<<<<

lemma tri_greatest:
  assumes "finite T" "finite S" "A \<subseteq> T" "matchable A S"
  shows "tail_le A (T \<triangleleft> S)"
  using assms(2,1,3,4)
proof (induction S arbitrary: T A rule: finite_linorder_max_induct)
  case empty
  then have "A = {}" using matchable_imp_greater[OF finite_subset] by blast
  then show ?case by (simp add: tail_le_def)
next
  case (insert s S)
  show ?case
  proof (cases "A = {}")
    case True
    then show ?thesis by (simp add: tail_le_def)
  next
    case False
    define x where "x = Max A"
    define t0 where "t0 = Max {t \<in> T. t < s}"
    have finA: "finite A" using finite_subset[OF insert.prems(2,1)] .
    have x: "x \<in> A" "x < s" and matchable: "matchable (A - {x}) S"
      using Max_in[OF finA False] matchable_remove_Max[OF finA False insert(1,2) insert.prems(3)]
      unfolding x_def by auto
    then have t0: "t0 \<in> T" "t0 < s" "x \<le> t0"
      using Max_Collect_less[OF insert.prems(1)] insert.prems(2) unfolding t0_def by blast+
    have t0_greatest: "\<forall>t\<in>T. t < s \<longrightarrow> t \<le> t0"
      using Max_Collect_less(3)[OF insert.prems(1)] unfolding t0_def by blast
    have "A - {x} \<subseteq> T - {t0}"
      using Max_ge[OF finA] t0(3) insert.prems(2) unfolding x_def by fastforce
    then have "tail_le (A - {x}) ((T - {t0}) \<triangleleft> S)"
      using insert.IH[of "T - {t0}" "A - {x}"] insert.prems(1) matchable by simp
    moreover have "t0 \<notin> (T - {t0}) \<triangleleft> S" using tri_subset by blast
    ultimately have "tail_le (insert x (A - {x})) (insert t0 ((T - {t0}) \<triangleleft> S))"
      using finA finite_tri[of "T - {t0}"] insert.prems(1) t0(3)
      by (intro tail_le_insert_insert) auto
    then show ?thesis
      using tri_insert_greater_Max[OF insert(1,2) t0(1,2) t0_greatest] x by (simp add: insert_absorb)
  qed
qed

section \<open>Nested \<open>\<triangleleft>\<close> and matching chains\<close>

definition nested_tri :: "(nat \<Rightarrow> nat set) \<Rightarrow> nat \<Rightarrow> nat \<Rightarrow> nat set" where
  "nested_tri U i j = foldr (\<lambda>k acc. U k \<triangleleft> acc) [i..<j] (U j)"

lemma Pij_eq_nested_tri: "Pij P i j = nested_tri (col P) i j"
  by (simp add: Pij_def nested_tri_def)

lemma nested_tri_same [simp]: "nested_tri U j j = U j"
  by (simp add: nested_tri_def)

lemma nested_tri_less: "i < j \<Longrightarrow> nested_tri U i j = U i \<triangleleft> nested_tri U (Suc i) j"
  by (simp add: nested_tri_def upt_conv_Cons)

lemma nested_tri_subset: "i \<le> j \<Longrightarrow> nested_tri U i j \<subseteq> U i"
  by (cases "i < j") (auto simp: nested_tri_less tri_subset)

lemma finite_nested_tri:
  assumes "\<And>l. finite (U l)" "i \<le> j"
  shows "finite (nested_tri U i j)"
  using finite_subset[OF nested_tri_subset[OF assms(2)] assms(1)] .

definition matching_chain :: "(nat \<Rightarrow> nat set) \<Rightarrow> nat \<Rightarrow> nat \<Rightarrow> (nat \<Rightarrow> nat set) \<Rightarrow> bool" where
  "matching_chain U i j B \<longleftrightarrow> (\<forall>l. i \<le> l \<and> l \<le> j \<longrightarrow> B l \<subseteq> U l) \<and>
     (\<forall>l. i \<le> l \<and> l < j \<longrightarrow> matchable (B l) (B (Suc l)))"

>>>>
<<<<

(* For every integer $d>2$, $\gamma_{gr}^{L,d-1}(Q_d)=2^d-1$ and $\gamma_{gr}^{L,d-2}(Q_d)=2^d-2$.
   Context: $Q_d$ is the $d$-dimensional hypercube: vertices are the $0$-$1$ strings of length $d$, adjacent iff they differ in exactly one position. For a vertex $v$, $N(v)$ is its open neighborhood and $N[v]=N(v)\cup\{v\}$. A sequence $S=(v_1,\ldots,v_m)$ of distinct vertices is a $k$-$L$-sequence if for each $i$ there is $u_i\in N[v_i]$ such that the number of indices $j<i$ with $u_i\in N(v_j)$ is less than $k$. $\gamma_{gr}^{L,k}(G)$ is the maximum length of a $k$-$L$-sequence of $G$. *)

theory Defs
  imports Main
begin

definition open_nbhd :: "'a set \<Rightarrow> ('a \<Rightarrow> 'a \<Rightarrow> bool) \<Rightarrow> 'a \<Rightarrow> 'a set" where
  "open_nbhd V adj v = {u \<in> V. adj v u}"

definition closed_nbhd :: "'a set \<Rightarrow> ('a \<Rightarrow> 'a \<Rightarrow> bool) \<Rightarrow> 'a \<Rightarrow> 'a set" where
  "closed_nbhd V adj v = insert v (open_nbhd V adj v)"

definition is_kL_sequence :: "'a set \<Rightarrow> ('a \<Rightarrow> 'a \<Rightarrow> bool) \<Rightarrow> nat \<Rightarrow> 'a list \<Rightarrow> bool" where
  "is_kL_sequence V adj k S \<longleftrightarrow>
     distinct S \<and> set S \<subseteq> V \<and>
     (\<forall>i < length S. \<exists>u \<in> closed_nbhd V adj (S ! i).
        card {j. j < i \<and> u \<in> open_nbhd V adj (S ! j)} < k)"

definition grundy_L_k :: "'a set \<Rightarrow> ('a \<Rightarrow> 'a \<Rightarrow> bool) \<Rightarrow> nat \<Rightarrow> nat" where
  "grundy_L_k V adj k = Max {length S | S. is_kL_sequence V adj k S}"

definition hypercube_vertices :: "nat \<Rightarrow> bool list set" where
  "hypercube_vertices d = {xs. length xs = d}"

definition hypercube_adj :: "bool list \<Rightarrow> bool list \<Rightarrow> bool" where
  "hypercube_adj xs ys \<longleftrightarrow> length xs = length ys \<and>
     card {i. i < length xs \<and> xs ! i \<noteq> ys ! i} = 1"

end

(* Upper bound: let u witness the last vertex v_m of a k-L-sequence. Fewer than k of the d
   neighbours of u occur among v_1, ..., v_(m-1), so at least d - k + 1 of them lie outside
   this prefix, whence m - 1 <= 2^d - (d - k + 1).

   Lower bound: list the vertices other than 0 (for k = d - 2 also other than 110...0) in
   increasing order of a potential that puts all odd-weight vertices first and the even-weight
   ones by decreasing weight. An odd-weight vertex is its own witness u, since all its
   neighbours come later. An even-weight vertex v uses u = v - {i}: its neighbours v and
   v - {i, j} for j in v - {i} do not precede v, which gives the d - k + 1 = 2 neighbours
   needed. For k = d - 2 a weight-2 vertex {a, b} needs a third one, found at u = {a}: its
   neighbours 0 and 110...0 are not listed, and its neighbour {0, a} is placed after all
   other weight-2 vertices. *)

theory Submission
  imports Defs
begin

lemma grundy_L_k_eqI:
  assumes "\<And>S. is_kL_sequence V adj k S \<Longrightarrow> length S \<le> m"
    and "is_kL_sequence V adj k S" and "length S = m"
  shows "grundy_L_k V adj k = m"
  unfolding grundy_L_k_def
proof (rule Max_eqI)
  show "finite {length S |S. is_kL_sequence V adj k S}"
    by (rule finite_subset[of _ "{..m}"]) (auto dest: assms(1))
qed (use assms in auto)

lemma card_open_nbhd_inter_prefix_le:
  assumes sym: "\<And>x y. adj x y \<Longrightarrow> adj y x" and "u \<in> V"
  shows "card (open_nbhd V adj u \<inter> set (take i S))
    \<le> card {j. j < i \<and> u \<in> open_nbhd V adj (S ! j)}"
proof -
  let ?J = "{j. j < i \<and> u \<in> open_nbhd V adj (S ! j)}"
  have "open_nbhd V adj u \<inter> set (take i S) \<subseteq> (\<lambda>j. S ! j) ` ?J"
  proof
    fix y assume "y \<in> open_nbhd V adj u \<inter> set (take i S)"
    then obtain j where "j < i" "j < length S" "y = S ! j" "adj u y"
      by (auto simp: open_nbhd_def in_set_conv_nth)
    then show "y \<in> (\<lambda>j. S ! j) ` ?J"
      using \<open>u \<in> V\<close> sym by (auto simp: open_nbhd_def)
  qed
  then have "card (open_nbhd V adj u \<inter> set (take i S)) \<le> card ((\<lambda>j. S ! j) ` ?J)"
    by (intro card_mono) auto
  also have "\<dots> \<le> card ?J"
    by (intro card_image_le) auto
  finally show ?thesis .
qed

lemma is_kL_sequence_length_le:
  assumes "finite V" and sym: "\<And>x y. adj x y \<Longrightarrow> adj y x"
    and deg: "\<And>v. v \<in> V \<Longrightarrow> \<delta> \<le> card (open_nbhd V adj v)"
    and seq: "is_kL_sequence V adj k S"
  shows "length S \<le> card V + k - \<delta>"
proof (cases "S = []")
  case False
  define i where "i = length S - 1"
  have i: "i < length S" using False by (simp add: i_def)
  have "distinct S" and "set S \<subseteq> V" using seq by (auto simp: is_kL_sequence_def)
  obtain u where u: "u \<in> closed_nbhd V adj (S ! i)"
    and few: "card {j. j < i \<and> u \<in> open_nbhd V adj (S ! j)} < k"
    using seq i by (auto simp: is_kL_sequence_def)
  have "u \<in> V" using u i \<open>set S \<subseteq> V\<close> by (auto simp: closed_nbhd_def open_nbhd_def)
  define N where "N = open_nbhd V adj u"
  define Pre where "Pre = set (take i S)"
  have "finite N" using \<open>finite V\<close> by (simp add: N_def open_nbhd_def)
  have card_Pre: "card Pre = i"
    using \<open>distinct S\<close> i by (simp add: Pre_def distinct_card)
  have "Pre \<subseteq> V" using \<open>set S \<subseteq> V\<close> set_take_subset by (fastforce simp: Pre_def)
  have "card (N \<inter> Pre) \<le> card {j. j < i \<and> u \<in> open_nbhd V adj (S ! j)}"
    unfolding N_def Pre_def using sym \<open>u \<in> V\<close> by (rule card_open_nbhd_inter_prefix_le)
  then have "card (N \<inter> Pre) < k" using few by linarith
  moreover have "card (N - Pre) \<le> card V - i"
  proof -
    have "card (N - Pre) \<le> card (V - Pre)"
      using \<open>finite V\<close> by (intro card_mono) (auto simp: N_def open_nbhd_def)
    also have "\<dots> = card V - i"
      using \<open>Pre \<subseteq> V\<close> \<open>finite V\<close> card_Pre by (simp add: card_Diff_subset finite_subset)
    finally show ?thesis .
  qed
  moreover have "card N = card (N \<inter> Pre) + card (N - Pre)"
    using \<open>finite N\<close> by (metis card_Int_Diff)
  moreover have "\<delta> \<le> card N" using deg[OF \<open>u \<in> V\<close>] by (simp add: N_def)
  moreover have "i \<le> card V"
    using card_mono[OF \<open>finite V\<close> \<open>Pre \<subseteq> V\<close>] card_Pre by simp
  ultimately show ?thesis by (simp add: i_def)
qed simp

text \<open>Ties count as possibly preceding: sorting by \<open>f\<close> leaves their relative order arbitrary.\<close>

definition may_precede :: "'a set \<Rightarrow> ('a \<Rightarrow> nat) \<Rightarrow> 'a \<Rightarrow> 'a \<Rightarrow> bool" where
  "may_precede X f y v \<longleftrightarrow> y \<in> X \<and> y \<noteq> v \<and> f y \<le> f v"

>>>>

From the entries above, give again exactly the lines running from the line with "S)) \<le> card" to the line with "using \<open>finite V\<close> by (intro"; include both of those lines.

**SOLUTION**
  then have "card (open_nbhd V adj u \<inter> set (take i S)) \<le> card ((\<lambda>j. S ! j) ` ?J)"
    by (intro card_mono) auto
  also have "\<dots> \<le> card ?J"
    by (intro card_image_le) auto
  finally show ?thesis .
qed

lemma is_kL_sequence_length_le:
  assumes "finite V" and sym: "\<And>x y. adj x y \<Longrightarrow> adj y x"
    and deg: "\<And>v. v \<in> V \<Longrightarrow> \<delta> \<le> card (open_nbhd V adj v)"
    and seq: "is_kL_sequence V adj k S"
  shows "length S \<le> card V + k - \<delta>"
proof (cases "S = []")
  case False
  define i where "i = length S - 1"
  have i: "i < length S" using False by (simp add: i_def)
  have "distinct S" and "set S \<subseteq> V" using seq by (auto simp: is_kL_sequence_def)
  obtain u where u: "u \<in> closed_nbhd V adj (S ! i)"
    and few: "card {j. j < i \<and> u \<in> open_nbhd V adj (S ! j)} < k"
    using seq i by (auto simp: is_kL_sequence_def)
  have "u \<in> V" using u i \<open>set S \<subseteq> V\<close> by (auto simp: closed_nbhd_def open_nbhd_def)
  define N where "N = open_nbhd V adj u"
  define Pre where "Pre = set (take i S)"
  have "finite N" using \<open>finite V\<close> by (simp add: N_def open_nbhd_def)
  have card_Pre: "card Pre = i"
    using \<open>distinct S\<close> i by (simp add: Pre_def distinct_card)
  have "Pre \<subseteq> V" using \<open>set S \<subseteq> V\<close> set_take_subset by (fastforce simp: Pre_def)
  have "card (N \<inter> Pre) \<le> card {j. j < i \<and> u \<in> open_nbhd V adj (S ! j)}"
    unfolding N_def Pre_def using sym \<open>u \<in> V\<close> by (rule card_open_nbhd_inter_prefix_le)
  then have "card (N \<inter> Pre) < k" using few by linarith
  moreover have "card (N - Pre) \<le> card V - i"
  proof -
    have "card (N - Pre) \<le> card (V - Pre)"
      using \<open>finite V\<close> by (intro card_mono) (auto simp: N_def open_nbhd_def)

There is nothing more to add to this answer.